BRIEF DESCRIPTION OF THE DRAWINGS

[0007] Preferred embodiments of the present invention will now be described, by way of example only, with reference to the following drawings, in which:

[0008] FIG. 1 is a functional block diagram illustrating a high level overview of the safety detection environment, designated as 100, in accordance with an embodiment of the present invention;

[0009] FIG. 2 is a functional block diagram illustrating the subcomponents of pest component 111, in accordance with an embodiment of the present invention;

[0010] FIG. 3 is a high-level flowchart illustrating the operation of pest component 111, designated as 300, in accordance with an embodiment of the present invention; and

[0011] FIG. 4 depicts a block diagram, designated as 400, of components of a server computer capable of executing the pest component 111 within the safety detection environment 100, in accordance with an embodiment of the present invention.

DETAILED DESCRIPTION

[0012] Digital twin computing leverages IoT, artificial intelligence (i.e., leveraging machine/deep learning) and software analytics to create living digital simulation models that update and change as their physical counterparts change. A digital twin continuously learns and updates itself to represent its near real-time status. A digital twin also integrates historical data from past usage to factor into its digital model. What is a simulation? A simulation is an approximation of a process and/or a system (e.g., machines, etc.). Furthermore, simulations are run in virtual environments that may be representations of physical environments but do not integrate real-time data (i.e., used by digital twin computing). The main difference between a simulation (and/or modeling) versus a digital twin is that a digital twin can use real-time data based on the regular transfer of information between the digital twin and its corresponding physical environment.

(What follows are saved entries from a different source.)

section \<open>Improper integrals over (0,\<infinity>)\<close>

lemma integrable_by_power_bounds:
  fixes f :: "real \<Rightarrow> real"
  assumes cont: "continuous_on {0<..} f"
    and near0: "\<And>t. 0 < t \<Longrightarrow> t \<le> 1 \<Longrightarrow> \<bar>f t\<bar> \<le> t powr \<alpha>" and "\<alpha> > -1"
    and near_inf: "\<And>t. 1 \<le> t \<Longrightarrow> \<bar>f t\<bar> \<le> C * t powr \<beta>" and "\<beta> < -1"
  shows "f integrable_on {0<..}"
proof -
  have meas: "f \<in> borel_measurable (lebesgue_on S)" if "S \<subseteq> {0<..}" "S \<in> sets lebesgue" for S
    by (rule continuous_imp_measurable_on_sets_lebesgue[OF continuous_on_subset[OF cont that(1)] that(2)])
  have sub: "{0<..1} \<subseteq> {0::real<..}" "{1..} \<subseteq> {0::real<..}"
    by auto
  have "f absolutely_integrable_on {0<..1}"
  proof (rule measurable_bounded_by_integrable_imp_absolutely_integrable)
    show "f \<in> borel_measurable (lebesgue_on {0<..1})"
      by (rule meas[OF sub(1)]) simp
    show "(\<lambda>t. t powr \<alpha>) integrable_on {0<..1}"
      by (rule integrable_on_powr_from_0') (use \<open>\<alpha> > -1\<close> in auto)
  qed (use near0 in auto)
  moreover have "f absolutely_integrable_on {1..}"
  proof (rule measurable_bounded_by_integrable_imp_absolutely_integrable)
    show "f \<in> borel_measurable (lebesgue_on {1..})"
      by (rule meas[OF sub(2)]) simp
    show "(\<lambda>t. C * t powr \<beta>) integrable_on {1..}"
      using has_integral_powr_to_inf[OF \<open>\<beta> < -1\<close>, of 1]
      by (intro integrable_on_mult_right) (auto simp: integrable_on_def)
  qed (use near_inf in auto)
  moreover have "{0<..1} \<inter> {1..} = {1::real}" "{0<..1} \<union> {1..} = {0::real<..}"
    by auto
  ultimately show ?thesis
    unfolding absolutely_integrable_on_def using integrable_Un'[of f "{0<..1}" "{1..}"] by simp
qed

[0013] Embodiments of the present invention provides an approach for predicting and/or discovering pest infestation (e.g., insects, rats, etc.) as it impacts building infrastructure by leveraging digital twin computing. Furthermore, embodiment can be used on any building infrastructure (e.g., industrial plan, hospital, residence, etc.) to identify potential issues (e.g., breeding sites for pests, etc.) as it relates to pest infestation. The approach utilizes digital twin of streets, building, housing complex, community parks to scan for potential conditions breeding sites for insects (e.g., termites, bugs, flies, cockroaches, etc.) The approach can simulate the breeding condition along with upcoming weather conditions (i.e., from weather website/server). Based on the simulation, the approach can recommend corrective actions such as, i) warning public officials to take necessary sanitization steps which would help in eradicating breeding sites and thereby potential insect spread diseases, ii) notify the asset owners, maintenance teams to prepare and plan accordingly (i.e., pest control every year) and a notification one month before a rainy season. For example, a public park, park_A, located in a tropical climate near the equator has the conditions conducive to breeding of mosquitos. Based on the digital twin simulation which consider pest condition factors, such as, i) moisture level, ii) rain forecast and iii) geographic terrain (i.e., not flat where rainwater can collect for mosquito larvae). In another example, a residential house, house_A, located in a temperate climate, the digital twin simulation can predict possible infestation by termites based on the following pest condition factors: i) moisture level, ii) soil condition, and iii) type of wood used for the house. The approach, based on the simulation, can recommend action plan that includes, termite inspection and/or spraying and laying traps for termites. In other embodiments of the present invention, the approach may be used for predicting pest infestation on furniture (e.g., wooden chair, iron table, etc.) in addition to structural damage.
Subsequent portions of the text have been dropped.